Work instructions: With the first line as the start and the line containing "obtain B where" as the end, write out every line of the records exactly.

Extracted records:
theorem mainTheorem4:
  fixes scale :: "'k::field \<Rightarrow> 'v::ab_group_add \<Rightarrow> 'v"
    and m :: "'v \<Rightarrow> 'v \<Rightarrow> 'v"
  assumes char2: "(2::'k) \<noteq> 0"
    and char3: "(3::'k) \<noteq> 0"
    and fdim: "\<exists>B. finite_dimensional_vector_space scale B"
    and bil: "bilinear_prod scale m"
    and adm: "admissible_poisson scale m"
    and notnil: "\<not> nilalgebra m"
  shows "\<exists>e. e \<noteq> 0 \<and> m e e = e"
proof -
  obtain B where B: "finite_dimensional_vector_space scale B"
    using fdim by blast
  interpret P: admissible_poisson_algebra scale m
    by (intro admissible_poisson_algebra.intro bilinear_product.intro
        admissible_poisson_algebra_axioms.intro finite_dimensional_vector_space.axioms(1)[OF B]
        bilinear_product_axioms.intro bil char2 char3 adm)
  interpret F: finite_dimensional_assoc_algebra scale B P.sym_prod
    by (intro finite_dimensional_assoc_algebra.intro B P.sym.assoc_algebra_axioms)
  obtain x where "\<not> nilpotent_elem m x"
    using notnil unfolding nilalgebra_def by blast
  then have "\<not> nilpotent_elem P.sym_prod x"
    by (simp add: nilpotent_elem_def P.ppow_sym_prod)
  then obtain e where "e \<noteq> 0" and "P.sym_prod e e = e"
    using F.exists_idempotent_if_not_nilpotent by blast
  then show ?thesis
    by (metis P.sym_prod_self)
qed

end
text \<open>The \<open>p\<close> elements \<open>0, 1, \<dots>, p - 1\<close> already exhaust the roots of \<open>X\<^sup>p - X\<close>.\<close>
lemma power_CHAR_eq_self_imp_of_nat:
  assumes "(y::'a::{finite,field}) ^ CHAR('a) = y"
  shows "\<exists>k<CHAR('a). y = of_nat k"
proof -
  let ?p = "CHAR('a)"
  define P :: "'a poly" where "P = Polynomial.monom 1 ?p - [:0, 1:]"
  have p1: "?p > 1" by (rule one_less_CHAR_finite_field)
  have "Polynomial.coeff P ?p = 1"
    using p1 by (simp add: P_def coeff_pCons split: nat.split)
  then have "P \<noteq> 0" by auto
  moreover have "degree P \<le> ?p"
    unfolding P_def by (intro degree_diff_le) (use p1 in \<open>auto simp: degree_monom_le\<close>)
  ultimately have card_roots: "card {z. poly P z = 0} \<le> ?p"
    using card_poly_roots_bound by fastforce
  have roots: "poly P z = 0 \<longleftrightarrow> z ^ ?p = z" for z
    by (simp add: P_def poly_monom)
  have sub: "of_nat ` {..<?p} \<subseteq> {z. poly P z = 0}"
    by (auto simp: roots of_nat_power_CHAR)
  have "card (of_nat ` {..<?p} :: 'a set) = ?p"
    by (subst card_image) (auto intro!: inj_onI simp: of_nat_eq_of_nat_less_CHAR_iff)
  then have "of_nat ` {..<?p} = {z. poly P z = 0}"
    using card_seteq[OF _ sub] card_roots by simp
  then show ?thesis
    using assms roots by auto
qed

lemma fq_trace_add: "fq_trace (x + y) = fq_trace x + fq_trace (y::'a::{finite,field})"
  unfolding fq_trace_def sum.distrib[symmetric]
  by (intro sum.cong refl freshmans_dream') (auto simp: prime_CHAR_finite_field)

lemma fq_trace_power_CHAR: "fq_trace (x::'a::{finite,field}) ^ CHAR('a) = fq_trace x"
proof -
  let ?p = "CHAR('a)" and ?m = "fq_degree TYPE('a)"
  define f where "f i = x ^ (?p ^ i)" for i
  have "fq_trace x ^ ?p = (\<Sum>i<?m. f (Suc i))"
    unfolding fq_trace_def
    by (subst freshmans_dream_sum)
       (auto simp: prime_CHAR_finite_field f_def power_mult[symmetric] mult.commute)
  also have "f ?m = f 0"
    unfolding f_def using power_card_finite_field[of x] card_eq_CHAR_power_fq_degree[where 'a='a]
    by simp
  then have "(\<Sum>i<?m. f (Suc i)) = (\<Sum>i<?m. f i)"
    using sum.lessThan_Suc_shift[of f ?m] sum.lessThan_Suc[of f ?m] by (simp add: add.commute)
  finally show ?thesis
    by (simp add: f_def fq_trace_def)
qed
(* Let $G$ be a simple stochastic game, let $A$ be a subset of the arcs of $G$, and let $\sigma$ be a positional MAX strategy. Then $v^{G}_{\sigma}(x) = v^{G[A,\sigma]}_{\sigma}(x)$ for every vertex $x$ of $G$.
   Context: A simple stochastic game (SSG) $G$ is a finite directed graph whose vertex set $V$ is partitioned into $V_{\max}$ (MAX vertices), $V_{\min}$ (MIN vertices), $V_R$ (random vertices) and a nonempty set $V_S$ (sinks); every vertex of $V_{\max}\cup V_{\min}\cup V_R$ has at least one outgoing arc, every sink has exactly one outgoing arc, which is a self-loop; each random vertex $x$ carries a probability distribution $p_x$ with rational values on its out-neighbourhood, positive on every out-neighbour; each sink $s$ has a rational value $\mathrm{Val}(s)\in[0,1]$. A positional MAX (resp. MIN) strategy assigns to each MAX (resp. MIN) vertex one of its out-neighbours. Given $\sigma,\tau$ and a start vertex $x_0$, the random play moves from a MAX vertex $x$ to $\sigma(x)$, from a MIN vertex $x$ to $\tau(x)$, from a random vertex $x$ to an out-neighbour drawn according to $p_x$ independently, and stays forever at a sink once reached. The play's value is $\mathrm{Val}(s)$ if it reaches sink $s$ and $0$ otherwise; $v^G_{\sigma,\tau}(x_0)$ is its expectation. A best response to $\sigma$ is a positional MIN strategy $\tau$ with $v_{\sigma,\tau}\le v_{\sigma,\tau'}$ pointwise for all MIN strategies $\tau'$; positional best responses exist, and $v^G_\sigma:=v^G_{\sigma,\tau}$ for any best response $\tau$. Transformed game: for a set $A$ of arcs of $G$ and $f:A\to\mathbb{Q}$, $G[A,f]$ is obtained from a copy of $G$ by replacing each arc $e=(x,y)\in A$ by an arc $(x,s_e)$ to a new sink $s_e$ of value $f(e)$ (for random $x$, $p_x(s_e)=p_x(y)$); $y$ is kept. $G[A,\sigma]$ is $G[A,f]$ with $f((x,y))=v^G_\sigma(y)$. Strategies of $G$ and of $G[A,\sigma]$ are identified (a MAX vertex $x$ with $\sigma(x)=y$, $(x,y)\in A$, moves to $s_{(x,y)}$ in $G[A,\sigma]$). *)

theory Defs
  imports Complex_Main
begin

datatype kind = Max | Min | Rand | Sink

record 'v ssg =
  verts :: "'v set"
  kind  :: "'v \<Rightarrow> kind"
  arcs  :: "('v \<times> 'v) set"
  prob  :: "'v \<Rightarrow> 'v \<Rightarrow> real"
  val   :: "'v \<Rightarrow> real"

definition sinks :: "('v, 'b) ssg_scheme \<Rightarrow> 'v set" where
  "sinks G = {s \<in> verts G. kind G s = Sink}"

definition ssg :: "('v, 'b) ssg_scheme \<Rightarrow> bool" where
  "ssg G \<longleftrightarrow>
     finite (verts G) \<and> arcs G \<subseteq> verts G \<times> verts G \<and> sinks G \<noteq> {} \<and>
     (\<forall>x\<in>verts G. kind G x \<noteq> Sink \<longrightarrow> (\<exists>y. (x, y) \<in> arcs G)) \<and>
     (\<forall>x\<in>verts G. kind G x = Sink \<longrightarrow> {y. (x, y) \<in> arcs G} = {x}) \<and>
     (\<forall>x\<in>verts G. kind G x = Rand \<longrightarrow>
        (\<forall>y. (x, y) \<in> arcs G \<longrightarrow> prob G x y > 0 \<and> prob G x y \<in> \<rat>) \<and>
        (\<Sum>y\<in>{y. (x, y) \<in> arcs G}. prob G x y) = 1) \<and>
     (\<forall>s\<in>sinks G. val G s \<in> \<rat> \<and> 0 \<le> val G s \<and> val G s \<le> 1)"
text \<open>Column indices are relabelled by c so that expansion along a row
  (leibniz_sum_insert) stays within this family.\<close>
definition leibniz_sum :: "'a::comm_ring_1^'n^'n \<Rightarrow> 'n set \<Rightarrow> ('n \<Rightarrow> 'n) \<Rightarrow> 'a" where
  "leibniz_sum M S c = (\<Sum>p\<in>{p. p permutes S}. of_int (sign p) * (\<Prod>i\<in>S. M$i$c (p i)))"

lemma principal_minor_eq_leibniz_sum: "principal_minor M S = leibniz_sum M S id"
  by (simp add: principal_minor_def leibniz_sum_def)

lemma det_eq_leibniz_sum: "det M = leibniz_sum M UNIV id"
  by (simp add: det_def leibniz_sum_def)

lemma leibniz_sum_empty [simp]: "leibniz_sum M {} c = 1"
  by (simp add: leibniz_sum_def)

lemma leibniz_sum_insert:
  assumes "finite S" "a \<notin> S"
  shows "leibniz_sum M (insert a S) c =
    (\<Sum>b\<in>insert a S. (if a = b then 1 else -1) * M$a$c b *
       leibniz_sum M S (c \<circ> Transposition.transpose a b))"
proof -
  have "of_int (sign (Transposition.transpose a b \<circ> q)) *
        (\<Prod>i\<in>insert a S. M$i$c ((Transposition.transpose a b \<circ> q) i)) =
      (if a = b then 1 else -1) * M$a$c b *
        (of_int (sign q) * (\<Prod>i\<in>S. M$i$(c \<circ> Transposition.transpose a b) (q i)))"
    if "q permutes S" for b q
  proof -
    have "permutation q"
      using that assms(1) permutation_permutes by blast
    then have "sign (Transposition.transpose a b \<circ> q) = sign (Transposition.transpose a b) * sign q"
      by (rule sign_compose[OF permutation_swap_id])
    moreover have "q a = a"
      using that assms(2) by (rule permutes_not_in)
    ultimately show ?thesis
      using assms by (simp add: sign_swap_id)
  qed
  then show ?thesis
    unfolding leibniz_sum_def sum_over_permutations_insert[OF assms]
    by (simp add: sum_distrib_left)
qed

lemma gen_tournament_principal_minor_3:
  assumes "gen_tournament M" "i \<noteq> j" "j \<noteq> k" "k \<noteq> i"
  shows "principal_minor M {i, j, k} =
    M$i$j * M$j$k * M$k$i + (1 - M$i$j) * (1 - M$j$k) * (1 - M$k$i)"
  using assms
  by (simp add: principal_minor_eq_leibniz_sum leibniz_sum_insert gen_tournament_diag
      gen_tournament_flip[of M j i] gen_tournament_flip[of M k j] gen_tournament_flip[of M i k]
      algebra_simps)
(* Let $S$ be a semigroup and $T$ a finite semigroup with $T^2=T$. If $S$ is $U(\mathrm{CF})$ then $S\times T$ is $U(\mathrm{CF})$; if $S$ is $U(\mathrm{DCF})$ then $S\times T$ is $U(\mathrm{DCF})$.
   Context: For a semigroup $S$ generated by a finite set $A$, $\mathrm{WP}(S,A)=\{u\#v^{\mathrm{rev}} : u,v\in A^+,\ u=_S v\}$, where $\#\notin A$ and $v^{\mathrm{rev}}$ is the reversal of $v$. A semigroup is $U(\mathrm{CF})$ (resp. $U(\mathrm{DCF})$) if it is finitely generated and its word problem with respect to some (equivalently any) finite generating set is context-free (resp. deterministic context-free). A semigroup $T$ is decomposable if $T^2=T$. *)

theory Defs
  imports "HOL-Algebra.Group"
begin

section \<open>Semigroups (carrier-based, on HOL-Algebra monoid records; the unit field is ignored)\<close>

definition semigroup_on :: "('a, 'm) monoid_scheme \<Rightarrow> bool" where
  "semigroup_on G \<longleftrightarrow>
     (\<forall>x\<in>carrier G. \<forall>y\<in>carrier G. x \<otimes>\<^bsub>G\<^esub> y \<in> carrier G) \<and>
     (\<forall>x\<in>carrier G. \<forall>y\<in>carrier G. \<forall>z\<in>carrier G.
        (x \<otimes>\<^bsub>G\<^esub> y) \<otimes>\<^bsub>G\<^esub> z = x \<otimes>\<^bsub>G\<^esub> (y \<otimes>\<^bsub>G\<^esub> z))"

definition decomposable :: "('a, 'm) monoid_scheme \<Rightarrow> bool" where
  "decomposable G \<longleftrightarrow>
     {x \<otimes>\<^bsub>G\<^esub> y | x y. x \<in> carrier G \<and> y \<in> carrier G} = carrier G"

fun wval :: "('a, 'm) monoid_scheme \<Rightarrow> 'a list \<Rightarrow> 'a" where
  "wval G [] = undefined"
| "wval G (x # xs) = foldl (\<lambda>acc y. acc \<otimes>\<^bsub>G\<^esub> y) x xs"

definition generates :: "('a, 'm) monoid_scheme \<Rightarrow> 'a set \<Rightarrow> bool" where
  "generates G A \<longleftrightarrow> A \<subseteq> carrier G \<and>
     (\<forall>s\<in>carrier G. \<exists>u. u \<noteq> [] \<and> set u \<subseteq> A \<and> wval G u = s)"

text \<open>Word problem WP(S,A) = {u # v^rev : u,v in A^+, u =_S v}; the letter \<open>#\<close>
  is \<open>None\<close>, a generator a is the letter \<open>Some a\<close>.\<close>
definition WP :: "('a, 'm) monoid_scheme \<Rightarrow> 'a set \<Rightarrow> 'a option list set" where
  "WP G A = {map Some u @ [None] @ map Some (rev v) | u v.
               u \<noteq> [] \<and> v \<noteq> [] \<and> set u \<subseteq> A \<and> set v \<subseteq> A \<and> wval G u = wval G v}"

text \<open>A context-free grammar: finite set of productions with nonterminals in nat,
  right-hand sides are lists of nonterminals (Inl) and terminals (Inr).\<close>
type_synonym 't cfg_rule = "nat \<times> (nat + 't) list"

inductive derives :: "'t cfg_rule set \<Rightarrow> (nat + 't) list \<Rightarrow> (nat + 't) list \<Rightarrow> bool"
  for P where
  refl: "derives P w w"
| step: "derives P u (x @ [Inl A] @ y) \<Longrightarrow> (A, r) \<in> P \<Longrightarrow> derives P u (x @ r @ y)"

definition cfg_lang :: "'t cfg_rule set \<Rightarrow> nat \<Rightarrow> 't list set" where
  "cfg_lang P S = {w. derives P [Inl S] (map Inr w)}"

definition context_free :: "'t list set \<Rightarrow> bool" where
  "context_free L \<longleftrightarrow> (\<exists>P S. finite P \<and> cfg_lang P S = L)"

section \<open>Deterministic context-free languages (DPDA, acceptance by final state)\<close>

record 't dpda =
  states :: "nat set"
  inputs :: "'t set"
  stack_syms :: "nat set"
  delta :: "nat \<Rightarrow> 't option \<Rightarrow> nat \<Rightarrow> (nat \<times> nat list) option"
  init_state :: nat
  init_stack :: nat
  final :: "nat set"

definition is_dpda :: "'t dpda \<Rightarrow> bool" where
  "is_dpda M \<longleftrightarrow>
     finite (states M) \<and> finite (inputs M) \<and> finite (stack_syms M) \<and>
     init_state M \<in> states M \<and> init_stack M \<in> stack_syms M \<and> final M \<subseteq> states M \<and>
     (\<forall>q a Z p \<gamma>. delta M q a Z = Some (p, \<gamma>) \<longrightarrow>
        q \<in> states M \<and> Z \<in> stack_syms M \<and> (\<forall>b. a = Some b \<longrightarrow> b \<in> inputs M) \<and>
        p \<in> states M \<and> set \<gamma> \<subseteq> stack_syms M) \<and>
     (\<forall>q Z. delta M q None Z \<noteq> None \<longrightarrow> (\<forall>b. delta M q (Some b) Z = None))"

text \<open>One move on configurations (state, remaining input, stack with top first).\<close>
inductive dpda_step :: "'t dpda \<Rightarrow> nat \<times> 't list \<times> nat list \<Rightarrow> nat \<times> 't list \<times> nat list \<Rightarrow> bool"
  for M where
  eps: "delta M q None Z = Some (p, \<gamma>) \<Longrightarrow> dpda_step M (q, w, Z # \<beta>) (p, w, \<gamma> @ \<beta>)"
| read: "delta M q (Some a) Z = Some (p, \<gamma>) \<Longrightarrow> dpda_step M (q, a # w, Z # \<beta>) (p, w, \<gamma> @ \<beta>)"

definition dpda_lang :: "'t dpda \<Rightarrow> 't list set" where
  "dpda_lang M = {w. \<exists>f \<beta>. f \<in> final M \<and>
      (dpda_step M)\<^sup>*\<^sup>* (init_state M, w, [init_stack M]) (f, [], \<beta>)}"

Task solution:
theorem mainTheorem4:
  fixes scale :: "'k::field \<Rightarrow> 'v::ab_group_add \<Rightarrow> 'v"
    and m :: "'v \<Rightarrow> 'v \<Rightarrow> 'v"
  assumes char2: "(2::'k) \<noteq> 0"
    and char3: "(3::'k) \<noteq> 0"
    and fdim: "\<exists>B. finite_dimensional_vector_space scale B"
    and bil: "bilinear_prod scale m"
    and adm: "admissible_poisson scale m"
    and notnil: "\<not> nilalgebra m"
  shows "\<exists>e. e \<noteq> 0 \<and> m e e = e"
proof -
  obtain B where B: "finite_dimensional_vector_space scale B"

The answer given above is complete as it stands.